戦略労務第295号(2017/12)

イントロダクション

 皆さんこんにちは。今年も残すところあと僅かとなり、冬至前の一番日が短い時期ですね。朝晩の寒さも厳しくなってきました。インフルエンザも流行っているようです。家庭菜園ではダイコンの残りが寒そうにしているだけで、できる作業はあまりありません。
 本年最後の「戦略労務」をお送り致します。参考になれば幸いです。

top△

★ボーナス支給原資など

 年末賞与(ボーナス)の支給時期ですね。ボーナスを支払おうと考えたときはまず支給額を考えますが、経営者は総額で考え社員の手取り額で考えることはないと思います。
 それでは、会社負担分の社会保険料はどうでしょうか。ご存じのとおり社会保険料や源泉所得税は賞与から差し引いて支払いますが、その他に会社負担分が発生します。その料率は健康保険料、厚生年金保険料と雇用保険料を合わせると15%ほどになります。
ですから100万円の賞与を支払おうとすればその原資として115万円が必要なのです。
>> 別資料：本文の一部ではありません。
lemma Tset_pair_decomp:
  assumes T: "adequate_transversal S0" and xa: "(x, a) \<in> Tset S0"
  obtains y u e f where "decomp S0 y u e f" "x = e * u" "a = u * f"
proof -
  let ?u = "bar S0 x" and ?e = "e_of S0 x" and ?f = "f_of S0 a"
  have u: "?u \<in> S0" using decomp_of_bar[OF T] by (simp add: decomp_def)
  note s = transversal_element_determines[OF T u]
  have dx: "decomp S0 x ?u ?e (ast_of S0 ?u)" and da: "decomp S0 a ?u (plus_of S0 ?u) ?f"
    using decomp_of_bar[OF T, of x] decomp_of_bar[OF T, of a] xa s
    by (auto simp: Tset_def Lset_def Rset_def)
  have "x = ?e * ?u" using dx adequate_transversal_ast_of(3)[OF T u] by (simp add: decomp_def mult.assoc)
  moreover have "a = ?u * ?f" using da adequate_transversal_plus_of(3)[OF T u] by (simp add: decomp_def)
  moreover have "decomp S0 (?e * ?u * ?f) ?u ?e ?f" using dx da by (simp add: decomp_def)
  ultimately show thesis using that by blast
qed

lemma decomp_idempotent_iff:
  assumes T: "adequate_transversal S0" and d: "decomp S0 y u e f"
  shows "y * y = y \<longleftrightarrow> e * u * f * (e * u) = e * u \<and> u * f * e * (u * f) = u * f"
proof -
  have u: "u \<in> S0" and y: "y = e * u * f" using d by (auto simp: decomp_def)
  note U = decomp_idempotent_units[OF T d]
  show ?thesis unfolding y using idempotent_sandwich_iff[OF U(2) _ U(4)]
      adequate_transversal_plus_of(3)[OF T u] adequate_transversal_ast_of(3)[OF T u] by blast
qed

lemma Tmul_idem_iff:
  assumes T: "adequate_transversal S0" and d: "decomp S0 y u e f"
  shows "Tmul S0 (e * u, u * f) (e * u, u * f) = (e * u, u * f) \<longleftrightarrow> y * y = y"
  using decomp_idempotent_iff[OF T d] Tset_pair_of_decomp(2,3)[OF T d]
  by (simp add: Tmul_def mult.assoc)

lemma ET_idempotent_decomp:
  assumes T: "adequate_transversal S0" and xa: "(x, a) \<in> ET S0"
  obtains y u e f where "decomp S0 y u e f" "y * y = y" "x = e * u" "a = u * f"
proof -
  obtain y u e f where d: "decomp S0 y u e f" "x = e * u" "a = u * f"
    using Tset_pair_decomp[OF T] xa unfolding ET_def by blast
  then have "y * y = y" using Tmul_idem_iff[OF T d(1)] xa by (simp add: ET_def)
  then show thesis using that d by blast
qed

lemma ET_regular:
  assumes T: "adequate_transversal S0" and xa: "(x, a) \<in> ET S0"
  shows "regular x" "regular a"
proof -
  obtain y u e f where d: "decomp S0 y u e f" "y * y = y" "x = e * u" "a = u * f"
    using ET_idempotent_decomp[OF T xa] .
  then have "x * f * x = x" "a * e * a = a"
    using decomp_idempotent_iff[OF T d(1)] by simp_all
  then show "regular x" "regular a" unfolding regular_def by blast+
qed

theorem lemma2p6:
  fixes S0 :: "'a::semigroup_mult set"
  assumes "abundant (UNIV :: 'a set)"
    and "quasi_ideal_adequate_transversal S0"
  shows "ET S0 = {(e_of S0 y * bar S0 y, bar S0 y * f_of S0 y) | y. y \<in> idems UNIV}
    \<and> (\<forall>x a. (x, a) \<in> ET S0 \<longrightarrow> regular x \<and> regular a)"
proof -
  have T: "adequate_transversal S0"
    using assms(2) unfolding quasi_ideal_adequate_transversal_def by simp
  have "(x, a) \<in> {(e_of S0 y * bar S0 y, bar S0 y * f_of S0 y) | y. y \<in> idems UNIV}"
    if xa: "(x, a) \<in> ET S0" for x a
  proof -
    obtain y u e f where d: "decomp S0 y u e f" "y * y = y" "x = e * u" "a = u * f"
      using ET_idempotent_decomp[OF T xa] .
    then show ?thesis using decomp_determines[OF T d(1)] by (auto simp: idems_def)
  qed
  moreover have "(e_of S0 y * bar S0 y, bar S0 y * f_of S0 y) \<in> ET S0" if "y \<in> idems UNIV" for y
    using Tset_pair_of_decomp(1)[OF T decomp_of_bar[OF T]] Tmul_idem_iff[OF T decomp_of_bar[OF T]]
      that by (simp add: ET_def idems_def)
  ultimately show ?thesis using ET_regular[OF T] by auto
qed

end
 賞与支給額について、よほどの業績悪化がない限り一定額の支給を行なっている会社も多くあります。このような会社では、従業員に賞与はもらって当たり前という意識が芽生えてきます。言い換えると、業績の良し悪しに関わらずもらえるものだという感覚になります。
 しかしながら、賞与とは業績が良くて初めて支給されるものであり、必ず支給されるものでも、必ず支給しなければならないものでもありません。(就業規則・賃金規程にもそう規定されていると思います)・・・そしてやる気を促すためには誰にいくら払うのかがとても重要です。

★一人親方さんとは?

 労働者を使用しないで個人で事業を行うことを常態とする人をいい、主には建設業従事者があります。(一人親方の労災特別加入に関して労働者を使用しないとは、年間100日以上使用しないことであり、100日未満であれば該当します)
 一人親方は個人事業で事業主なので、労働者のためにある労災保険は原則として適用されません。自営業者が加入する国民健康保険では休業した場合の給付はありません。そこで、経営者であり労働者でもある一人親方その他の自営業者及びその事業に従事する方を対象に労災保険の特別加入制度があります。その内容は中小企業事業主の特別加入と同様であり、労働者に対する労災保険給付と変わりはありません。